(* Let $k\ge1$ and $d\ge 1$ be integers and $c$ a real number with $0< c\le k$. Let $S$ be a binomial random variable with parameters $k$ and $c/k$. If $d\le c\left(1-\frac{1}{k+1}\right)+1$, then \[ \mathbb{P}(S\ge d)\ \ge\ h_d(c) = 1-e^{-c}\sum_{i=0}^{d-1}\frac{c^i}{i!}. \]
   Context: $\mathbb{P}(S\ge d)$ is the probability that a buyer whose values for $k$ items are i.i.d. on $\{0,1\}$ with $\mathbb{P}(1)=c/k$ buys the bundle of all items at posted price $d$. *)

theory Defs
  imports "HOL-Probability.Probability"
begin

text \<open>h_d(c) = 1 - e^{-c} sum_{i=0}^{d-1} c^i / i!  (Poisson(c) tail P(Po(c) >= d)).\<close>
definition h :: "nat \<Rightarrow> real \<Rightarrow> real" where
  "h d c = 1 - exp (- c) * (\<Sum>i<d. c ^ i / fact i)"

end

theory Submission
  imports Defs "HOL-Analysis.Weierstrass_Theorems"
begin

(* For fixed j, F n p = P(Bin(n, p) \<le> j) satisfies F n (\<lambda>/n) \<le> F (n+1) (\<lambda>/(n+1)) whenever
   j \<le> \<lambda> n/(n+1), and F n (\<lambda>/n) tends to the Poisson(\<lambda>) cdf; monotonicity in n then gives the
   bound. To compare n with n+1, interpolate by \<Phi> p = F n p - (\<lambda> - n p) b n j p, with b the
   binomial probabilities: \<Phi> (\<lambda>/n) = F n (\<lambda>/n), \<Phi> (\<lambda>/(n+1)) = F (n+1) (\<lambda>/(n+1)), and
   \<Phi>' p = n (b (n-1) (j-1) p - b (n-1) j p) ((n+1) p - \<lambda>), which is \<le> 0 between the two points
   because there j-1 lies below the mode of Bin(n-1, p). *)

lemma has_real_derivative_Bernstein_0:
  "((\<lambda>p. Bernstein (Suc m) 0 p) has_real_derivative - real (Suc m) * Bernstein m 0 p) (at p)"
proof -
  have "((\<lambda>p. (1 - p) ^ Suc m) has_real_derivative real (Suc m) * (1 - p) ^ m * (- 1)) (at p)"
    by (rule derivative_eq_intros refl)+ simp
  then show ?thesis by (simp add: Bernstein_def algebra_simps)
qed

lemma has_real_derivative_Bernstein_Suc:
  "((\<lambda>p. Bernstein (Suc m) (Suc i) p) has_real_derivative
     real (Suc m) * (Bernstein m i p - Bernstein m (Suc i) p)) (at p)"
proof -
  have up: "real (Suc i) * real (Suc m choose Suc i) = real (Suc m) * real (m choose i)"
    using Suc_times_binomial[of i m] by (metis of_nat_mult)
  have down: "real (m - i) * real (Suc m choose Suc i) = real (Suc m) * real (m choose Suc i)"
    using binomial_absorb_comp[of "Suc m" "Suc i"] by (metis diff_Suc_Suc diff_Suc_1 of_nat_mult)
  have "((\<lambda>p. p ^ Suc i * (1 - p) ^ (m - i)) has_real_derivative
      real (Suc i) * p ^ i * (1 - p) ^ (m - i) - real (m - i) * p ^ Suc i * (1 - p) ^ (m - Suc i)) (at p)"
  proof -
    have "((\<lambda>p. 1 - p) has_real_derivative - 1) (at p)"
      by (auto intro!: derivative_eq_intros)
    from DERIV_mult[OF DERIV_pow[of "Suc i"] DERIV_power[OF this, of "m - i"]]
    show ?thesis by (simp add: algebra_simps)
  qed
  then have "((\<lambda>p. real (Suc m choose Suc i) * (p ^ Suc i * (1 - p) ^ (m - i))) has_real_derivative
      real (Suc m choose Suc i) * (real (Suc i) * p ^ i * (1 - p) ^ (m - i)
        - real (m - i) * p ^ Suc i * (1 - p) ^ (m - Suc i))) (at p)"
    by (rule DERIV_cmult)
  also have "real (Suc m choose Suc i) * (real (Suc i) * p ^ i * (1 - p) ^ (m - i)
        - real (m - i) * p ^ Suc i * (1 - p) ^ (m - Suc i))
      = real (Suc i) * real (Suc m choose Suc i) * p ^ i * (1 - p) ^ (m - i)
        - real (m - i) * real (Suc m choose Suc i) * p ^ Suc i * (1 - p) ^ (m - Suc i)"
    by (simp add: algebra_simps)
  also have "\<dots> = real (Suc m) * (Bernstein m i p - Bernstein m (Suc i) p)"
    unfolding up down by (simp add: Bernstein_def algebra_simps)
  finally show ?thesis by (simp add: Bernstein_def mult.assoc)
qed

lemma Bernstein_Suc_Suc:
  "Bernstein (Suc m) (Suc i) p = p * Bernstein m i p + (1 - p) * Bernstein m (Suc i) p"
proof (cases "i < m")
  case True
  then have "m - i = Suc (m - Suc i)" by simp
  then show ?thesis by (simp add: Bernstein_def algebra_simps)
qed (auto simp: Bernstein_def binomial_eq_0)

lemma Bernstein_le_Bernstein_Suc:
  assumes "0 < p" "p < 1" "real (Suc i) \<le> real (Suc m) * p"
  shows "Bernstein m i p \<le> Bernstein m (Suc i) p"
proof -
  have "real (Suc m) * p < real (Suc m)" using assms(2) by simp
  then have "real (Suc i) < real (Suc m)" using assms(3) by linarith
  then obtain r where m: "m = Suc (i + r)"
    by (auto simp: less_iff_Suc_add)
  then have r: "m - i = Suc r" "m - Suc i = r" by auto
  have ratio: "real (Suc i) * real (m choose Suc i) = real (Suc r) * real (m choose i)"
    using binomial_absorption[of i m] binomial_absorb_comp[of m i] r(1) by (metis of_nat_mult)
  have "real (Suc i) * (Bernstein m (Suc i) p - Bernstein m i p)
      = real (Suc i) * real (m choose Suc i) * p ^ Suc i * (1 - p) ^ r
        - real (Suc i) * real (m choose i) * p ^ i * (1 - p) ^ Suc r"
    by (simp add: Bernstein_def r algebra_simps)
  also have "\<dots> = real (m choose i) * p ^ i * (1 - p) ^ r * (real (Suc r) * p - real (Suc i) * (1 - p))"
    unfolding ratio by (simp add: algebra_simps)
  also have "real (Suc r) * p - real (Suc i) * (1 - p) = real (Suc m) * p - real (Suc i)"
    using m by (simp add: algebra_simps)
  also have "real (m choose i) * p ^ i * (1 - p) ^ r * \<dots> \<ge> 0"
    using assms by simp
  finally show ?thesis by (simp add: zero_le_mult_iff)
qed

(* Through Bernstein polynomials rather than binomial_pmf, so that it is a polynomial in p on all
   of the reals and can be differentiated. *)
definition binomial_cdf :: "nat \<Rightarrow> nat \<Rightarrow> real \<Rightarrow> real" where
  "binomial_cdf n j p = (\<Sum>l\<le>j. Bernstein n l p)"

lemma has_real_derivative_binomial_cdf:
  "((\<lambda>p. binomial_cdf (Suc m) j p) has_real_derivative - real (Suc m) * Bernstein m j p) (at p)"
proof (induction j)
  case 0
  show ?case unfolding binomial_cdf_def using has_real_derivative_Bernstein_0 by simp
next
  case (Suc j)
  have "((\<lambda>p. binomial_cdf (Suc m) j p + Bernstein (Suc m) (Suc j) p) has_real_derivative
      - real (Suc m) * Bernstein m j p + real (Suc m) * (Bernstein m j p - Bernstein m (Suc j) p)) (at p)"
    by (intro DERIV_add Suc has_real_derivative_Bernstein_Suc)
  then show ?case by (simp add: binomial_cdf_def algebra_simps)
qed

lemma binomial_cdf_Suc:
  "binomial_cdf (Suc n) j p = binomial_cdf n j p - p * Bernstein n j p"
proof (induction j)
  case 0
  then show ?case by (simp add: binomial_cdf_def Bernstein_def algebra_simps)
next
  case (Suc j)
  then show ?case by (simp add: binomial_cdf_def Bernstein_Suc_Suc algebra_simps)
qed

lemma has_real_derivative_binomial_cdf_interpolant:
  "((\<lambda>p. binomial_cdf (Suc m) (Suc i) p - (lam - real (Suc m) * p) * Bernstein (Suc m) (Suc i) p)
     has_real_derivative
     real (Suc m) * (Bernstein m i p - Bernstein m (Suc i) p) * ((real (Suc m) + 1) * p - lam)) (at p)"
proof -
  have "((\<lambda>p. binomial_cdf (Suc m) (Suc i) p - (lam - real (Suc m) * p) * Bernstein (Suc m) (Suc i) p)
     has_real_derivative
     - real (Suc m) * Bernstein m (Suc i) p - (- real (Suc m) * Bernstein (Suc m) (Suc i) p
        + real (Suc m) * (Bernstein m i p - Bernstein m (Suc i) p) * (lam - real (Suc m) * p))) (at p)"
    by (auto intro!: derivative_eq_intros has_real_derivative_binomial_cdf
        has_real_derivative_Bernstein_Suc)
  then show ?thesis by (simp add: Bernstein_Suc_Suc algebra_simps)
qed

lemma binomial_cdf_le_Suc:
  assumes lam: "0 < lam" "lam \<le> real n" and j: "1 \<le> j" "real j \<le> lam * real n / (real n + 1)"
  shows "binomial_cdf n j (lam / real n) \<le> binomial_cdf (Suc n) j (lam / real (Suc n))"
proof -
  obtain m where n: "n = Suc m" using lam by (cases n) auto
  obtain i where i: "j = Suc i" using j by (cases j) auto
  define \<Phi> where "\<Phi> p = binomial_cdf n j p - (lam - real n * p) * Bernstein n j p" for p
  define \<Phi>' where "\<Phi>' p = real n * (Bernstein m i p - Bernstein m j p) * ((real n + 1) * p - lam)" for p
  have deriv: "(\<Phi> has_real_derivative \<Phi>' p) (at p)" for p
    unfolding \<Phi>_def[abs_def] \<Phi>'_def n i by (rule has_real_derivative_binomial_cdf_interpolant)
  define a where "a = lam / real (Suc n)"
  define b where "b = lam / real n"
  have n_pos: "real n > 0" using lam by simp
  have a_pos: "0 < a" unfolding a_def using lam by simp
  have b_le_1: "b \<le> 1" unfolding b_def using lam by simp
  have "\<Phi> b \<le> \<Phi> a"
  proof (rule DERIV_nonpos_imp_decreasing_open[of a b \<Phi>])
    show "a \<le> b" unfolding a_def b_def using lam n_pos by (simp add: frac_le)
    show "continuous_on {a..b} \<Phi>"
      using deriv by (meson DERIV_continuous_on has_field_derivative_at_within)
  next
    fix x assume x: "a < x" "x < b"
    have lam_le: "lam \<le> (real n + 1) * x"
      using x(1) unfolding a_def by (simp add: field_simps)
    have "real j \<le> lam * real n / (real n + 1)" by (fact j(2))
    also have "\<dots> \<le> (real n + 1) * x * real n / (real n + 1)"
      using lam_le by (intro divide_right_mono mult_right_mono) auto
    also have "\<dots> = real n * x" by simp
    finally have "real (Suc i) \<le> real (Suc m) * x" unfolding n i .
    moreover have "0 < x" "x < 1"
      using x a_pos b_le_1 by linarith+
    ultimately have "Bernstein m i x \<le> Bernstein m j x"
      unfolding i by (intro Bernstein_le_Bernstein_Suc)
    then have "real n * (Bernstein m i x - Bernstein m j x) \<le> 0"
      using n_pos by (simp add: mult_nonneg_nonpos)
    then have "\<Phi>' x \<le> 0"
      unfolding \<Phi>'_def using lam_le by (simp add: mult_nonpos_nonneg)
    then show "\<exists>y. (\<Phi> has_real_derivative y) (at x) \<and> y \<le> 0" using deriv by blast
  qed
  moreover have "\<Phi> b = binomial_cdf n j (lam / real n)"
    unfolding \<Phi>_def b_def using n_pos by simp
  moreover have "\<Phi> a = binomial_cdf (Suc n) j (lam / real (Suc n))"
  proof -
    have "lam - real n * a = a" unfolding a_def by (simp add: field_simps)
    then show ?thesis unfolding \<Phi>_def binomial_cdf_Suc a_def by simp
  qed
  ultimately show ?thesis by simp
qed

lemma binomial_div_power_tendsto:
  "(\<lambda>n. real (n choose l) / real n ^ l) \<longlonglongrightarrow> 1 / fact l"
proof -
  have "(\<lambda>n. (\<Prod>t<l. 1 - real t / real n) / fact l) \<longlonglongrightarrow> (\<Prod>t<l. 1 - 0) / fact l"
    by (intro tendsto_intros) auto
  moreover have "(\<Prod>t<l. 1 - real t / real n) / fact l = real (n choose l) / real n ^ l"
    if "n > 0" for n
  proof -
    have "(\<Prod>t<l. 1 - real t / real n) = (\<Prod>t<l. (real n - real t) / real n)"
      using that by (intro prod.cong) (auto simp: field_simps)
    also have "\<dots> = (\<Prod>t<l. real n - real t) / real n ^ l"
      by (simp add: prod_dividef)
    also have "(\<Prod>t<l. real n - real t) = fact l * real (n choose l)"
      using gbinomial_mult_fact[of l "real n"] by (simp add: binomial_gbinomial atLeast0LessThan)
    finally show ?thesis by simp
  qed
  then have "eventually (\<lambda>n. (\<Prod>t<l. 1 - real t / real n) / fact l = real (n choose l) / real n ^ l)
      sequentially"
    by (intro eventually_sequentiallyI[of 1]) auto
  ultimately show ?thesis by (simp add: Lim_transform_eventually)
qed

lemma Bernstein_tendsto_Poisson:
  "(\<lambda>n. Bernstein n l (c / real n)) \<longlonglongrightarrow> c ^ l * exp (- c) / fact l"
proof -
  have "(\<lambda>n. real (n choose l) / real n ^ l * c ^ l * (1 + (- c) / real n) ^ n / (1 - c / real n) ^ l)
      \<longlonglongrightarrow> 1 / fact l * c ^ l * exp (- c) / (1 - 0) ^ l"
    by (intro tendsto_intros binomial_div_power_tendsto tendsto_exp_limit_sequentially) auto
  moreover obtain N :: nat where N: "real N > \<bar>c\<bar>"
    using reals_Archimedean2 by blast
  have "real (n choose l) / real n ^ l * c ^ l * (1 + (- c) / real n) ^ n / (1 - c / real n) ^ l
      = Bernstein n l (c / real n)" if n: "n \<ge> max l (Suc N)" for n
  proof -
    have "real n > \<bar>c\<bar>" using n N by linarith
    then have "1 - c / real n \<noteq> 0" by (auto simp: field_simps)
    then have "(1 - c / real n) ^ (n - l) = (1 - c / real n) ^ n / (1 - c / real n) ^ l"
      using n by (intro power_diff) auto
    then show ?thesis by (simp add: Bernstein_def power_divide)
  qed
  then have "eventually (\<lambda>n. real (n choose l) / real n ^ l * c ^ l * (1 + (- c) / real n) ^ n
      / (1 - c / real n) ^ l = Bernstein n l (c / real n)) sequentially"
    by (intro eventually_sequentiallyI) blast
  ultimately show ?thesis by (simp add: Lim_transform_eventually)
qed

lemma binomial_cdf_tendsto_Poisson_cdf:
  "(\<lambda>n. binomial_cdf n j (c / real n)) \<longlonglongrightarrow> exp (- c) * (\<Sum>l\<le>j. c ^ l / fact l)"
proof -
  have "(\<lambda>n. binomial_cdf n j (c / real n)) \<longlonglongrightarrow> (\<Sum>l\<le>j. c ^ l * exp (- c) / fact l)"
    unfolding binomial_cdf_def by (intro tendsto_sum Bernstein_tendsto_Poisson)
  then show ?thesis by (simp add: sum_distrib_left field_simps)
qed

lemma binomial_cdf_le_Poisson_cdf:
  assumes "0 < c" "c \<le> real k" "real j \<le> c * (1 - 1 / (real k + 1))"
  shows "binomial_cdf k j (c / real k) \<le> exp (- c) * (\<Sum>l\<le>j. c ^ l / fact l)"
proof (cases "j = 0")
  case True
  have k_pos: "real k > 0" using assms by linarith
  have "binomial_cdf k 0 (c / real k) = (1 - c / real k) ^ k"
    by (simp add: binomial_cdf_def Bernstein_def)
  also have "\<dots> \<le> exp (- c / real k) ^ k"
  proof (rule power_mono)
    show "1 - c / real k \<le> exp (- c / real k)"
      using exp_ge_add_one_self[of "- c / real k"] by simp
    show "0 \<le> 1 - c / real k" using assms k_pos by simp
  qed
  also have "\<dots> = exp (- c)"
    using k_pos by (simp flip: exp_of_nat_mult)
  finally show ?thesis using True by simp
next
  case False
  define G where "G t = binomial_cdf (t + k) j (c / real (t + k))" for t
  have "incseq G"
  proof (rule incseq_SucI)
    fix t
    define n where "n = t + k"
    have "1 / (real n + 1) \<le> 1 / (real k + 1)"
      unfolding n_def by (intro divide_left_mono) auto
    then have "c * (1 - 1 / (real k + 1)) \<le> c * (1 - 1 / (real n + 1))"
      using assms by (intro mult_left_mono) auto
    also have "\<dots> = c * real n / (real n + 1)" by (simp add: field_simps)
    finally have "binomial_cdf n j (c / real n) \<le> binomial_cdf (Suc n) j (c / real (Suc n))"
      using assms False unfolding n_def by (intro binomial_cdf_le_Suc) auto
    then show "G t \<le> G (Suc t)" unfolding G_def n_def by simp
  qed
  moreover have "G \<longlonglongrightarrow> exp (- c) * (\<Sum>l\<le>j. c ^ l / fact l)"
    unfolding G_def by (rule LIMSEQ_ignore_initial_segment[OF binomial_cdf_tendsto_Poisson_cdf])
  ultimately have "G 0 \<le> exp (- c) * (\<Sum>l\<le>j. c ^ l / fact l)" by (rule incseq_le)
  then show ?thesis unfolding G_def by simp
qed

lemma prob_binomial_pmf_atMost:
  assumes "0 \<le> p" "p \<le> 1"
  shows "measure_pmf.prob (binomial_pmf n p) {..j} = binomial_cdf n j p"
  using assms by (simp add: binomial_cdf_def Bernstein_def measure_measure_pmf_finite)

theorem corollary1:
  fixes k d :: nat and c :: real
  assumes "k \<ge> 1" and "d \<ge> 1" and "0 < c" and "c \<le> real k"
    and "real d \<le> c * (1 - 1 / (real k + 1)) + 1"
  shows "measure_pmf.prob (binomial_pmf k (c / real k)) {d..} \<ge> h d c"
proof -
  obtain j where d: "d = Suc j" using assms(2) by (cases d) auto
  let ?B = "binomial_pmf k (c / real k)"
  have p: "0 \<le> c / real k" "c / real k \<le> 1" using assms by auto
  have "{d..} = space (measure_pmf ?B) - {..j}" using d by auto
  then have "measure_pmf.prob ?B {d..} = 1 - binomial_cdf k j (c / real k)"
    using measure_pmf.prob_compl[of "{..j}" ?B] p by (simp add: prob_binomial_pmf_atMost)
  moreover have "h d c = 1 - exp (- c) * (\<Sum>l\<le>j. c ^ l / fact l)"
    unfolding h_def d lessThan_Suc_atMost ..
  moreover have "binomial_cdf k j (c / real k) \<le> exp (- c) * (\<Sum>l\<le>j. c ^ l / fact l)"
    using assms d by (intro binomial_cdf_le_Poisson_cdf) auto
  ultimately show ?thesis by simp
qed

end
+++
> Exercise instructions
Exactly as they appear, copy the lines of the listing above from the first through the one that contains "(* For fixed", and nothing more.

> Answer space
(* Let $k\ge1$ and $d\ge 1$ be integers and $c$ a real number with $0< c\le k$. Let $S$ be a binomial random variable with parameters $k$ and $c/k$. If $d\le c\left(1-\frac{1}{k+1}\right)+1$, then \[ \mathbb{P}(S\ge d)\ \ge\ h_d(c) = 1-e^{-c}\sum_{i=0}^{d-1}\frac{c^i}{i!}. \]
   Context: $\mathbb{P}(S\ge d)$ is the probability that a buyer whose values for $k$ items are i.i.d. on $\{0,1\}$ with $\mathbb{P}(1)=c/k$ buys the bundle of all items at posted price $d$. *)

theory Defs
  imports "HOL-Probability.Probability"
begin

text \<open>h_d(c) = 1 - e^{-c} sum_{i=0}^{d-1} c^i / i!  (Poisson(c) tail P(Po(c) >= d)).\<close>
definition h :: "nat \<Rightarrow> real \<Rightarrow> real" where
  "h d c = 1 - exp (- c) * (\<Sum>i<d. c ^ i / fact i)"

end

theory Submission
  imports Defs "HOL-Analysis.Weierstrass_Theorems"
begin

(* For fixed j, F n p = P(Bin(n, p) \<le> j) satisfies F n (\<lambda>/n) \<le> F (n+1) (\<lambda>/(n+1)) whenever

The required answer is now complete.